What you have to do.
Return each line of the records below in which the string "definition" turns up.

Data for review.
+++

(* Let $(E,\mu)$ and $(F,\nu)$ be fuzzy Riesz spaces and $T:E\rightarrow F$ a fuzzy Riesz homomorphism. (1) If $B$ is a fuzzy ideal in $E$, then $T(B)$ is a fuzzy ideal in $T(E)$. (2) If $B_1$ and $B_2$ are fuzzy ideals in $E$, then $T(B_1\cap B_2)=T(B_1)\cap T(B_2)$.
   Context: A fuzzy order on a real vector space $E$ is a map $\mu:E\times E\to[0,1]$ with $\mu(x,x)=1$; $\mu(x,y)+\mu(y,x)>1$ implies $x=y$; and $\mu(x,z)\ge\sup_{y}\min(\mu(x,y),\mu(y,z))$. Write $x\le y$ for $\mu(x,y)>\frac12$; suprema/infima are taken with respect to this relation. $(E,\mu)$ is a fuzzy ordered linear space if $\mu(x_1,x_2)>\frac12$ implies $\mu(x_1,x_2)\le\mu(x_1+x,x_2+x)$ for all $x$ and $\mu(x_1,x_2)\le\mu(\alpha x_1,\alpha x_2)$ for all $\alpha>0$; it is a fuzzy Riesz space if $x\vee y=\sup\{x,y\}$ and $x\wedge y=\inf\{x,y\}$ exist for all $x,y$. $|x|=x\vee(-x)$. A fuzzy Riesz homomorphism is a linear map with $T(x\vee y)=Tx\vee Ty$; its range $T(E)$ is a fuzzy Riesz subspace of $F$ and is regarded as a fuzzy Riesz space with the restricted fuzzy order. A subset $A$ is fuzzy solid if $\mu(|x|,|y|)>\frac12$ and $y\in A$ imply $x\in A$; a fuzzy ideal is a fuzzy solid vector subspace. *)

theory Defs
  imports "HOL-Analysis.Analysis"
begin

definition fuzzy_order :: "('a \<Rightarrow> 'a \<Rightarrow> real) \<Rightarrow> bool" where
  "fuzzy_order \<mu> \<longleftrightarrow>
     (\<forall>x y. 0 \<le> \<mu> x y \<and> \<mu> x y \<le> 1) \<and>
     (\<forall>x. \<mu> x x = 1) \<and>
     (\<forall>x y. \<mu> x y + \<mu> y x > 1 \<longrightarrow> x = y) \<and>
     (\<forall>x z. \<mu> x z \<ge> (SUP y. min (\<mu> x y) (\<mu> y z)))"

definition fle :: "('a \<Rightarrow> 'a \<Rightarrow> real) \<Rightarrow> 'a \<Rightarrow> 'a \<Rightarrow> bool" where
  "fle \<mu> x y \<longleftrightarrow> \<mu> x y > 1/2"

+++

Result of the task.
definition fuzzy_order :: "('a \<Rightarrow> 'a \<Rightarrow> real) \<Rightarrow> bool" where
definition fle :: "('a \<Rightarrow> 'a \<Rightarrow> real) \<Rightarrow> 'a \<Rightarrow> 'a \<Rightarrow> bool" where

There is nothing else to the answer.